- Material provided -
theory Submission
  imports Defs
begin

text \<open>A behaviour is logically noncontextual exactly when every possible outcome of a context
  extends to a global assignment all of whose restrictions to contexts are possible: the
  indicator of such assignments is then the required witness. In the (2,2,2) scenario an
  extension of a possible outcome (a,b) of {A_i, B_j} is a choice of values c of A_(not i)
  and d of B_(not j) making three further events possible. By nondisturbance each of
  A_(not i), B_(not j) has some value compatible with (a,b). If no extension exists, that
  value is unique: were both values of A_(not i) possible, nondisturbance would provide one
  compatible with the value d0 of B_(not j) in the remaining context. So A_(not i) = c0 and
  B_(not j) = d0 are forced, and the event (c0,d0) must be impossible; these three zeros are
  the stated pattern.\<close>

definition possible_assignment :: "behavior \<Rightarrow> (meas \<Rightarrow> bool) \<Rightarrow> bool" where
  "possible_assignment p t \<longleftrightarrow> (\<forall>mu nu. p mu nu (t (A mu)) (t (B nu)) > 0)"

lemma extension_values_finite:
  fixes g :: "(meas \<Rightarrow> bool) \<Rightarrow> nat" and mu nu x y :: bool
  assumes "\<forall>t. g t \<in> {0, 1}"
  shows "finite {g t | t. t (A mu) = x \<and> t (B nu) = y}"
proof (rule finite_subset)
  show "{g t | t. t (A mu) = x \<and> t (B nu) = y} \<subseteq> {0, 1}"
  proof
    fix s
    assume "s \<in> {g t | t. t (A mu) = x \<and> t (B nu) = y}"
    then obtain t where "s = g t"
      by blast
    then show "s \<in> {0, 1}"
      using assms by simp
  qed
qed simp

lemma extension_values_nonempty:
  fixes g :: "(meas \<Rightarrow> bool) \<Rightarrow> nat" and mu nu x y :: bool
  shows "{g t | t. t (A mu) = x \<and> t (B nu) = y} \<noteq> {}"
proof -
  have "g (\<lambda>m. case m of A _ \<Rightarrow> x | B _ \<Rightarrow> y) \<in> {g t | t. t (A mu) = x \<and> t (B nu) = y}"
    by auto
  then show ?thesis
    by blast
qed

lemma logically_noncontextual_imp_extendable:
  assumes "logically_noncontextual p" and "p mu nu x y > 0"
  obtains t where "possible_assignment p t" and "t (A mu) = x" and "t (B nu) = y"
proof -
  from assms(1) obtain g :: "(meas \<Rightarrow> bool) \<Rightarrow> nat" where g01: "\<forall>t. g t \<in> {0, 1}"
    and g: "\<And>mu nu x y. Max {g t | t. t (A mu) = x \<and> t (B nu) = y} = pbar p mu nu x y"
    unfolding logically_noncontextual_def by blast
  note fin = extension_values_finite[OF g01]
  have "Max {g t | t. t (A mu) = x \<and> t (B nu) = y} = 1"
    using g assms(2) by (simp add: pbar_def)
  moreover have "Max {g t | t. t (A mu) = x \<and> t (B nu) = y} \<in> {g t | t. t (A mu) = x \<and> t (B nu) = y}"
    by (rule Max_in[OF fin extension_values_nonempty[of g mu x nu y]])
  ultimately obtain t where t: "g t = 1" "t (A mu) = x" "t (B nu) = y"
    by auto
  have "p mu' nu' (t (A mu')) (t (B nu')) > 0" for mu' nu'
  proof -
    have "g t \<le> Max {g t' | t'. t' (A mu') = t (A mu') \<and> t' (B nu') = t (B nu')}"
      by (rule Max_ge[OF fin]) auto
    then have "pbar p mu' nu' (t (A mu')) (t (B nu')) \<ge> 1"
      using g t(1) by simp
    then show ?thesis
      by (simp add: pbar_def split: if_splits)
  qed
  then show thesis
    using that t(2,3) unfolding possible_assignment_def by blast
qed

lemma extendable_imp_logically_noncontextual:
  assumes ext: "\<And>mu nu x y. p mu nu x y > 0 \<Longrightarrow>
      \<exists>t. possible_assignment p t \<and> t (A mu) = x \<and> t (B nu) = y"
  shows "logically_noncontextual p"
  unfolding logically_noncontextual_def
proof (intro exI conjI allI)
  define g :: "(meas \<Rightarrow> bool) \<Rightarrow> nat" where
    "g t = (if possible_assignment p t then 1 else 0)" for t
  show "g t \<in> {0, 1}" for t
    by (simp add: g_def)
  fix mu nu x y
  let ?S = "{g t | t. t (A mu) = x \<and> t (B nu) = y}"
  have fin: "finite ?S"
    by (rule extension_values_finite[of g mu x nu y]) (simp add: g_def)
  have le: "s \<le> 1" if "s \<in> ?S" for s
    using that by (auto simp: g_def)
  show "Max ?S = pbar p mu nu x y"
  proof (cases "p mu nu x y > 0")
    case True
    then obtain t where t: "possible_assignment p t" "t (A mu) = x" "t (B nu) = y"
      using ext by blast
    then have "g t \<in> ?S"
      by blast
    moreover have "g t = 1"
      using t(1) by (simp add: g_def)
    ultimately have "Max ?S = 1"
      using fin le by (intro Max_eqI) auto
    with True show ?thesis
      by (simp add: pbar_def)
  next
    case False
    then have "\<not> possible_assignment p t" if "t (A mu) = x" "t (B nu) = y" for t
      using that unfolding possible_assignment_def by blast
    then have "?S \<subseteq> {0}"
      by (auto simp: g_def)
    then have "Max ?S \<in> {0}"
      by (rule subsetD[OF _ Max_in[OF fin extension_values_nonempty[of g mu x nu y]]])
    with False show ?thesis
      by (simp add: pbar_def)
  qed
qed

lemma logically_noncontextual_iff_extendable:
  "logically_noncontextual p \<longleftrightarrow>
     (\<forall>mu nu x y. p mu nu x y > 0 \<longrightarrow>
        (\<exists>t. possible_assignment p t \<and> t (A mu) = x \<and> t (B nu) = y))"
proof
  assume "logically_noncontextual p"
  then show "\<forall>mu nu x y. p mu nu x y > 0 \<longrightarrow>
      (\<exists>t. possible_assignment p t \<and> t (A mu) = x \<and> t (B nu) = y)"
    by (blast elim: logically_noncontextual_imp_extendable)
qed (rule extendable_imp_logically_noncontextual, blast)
* * *
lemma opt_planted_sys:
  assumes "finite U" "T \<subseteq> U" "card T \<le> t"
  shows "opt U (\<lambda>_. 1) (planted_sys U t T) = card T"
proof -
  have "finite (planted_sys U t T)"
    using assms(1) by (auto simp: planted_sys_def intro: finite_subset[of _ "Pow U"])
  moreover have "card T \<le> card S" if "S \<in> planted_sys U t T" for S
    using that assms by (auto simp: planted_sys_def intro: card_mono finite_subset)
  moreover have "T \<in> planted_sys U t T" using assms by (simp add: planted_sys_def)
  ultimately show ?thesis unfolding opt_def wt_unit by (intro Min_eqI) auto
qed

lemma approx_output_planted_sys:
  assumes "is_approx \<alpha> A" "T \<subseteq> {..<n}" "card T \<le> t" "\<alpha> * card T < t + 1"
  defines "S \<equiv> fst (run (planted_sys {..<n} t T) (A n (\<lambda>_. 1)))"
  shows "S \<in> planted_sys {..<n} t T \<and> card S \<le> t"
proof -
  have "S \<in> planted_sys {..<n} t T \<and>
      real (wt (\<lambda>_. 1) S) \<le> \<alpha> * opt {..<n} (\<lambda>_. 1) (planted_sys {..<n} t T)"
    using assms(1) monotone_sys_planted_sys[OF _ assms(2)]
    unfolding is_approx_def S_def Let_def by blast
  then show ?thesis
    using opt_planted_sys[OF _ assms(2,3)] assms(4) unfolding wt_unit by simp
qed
...
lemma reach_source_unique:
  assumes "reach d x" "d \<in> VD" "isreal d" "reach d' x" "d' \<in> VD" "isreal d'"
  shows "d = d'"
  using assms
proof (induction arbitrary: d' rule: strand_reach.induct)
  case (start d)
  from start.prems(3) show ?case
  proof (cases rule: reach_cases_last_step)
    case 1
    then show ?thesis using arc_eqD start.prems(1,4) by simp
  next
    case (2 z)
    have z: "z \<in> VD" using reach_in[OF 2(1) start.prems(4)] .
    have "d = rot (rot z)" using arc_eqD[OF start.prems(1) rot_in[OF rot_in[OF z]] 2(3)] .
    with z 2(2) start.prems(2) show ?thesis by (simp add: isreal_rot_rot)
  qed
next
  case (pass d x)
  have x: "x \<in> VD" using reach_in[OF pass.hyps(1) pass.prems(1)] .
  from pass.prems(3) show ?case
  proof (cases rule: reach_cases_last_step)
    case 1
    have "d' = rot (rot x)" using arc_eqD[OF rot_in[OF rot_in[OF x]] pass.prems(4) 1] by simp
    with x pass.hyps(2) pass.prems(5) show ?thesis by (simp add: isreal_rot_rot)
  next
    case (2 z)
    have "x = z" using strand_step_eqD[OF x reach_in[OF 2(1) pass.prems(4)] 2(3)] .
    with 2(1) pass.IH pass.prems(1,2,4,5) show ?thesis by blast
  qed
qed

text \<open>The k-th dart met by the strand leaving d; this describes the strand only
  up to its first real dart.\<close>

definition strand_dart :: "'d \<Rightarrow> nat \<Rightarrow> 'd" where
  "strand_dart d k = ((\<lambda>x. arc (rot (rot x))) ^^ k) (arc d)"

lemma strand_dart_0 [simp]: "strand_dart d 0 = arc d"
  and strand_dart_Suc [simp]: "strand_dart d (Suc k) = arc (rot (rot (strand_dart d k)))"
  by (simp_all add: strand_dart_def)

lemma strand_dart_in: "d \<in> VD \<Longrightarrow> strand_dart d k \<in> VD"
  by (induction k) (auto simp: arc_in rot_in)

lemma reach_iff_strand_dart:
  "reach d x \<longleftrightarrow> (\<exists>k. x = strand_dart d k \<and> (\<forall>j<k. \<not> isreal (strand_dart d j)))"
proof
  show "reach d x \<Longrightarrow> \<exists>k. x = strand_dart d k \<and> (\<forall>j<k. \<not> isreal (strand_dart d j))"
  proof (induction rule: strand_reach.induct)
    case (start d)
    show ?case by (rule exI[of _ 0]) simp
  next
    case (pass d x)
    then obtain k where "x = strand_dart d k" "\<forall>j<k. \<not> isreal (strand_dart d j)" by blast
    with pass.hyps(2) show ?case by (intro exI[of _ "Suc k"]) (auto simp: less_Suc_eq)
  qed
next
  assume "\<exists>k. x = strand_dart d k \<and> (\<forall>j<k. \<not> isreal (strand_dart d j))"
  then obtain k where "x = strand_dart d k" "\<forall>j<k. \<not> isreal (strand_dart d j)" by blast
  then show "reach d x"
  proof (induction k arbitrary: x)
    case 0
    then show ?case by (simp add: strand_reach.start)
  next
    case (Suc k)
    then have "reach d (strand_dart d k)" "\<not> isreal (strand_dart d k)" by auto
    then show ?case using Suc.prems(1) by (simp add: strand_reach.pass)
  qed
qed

- About this task -
The expected output is exactly the lines of the listing above between the line holding "using g assms(2) by (simp add: pbar_def)" and the line holding "by (rule Max_in[OF", inclusive.

- Answer to the exercise -
    using g assms(2) by (simp add: pbar_def)
  moreover have "Max {g t | t. t (A mu) = x \<and> t (B nu) = y} \<in> {g t | t. t (A mu) = x \<and> t (B nu) = y}"
    by (rule Max_in[OF fin extension_values_nonempty[of g mu x nu y]])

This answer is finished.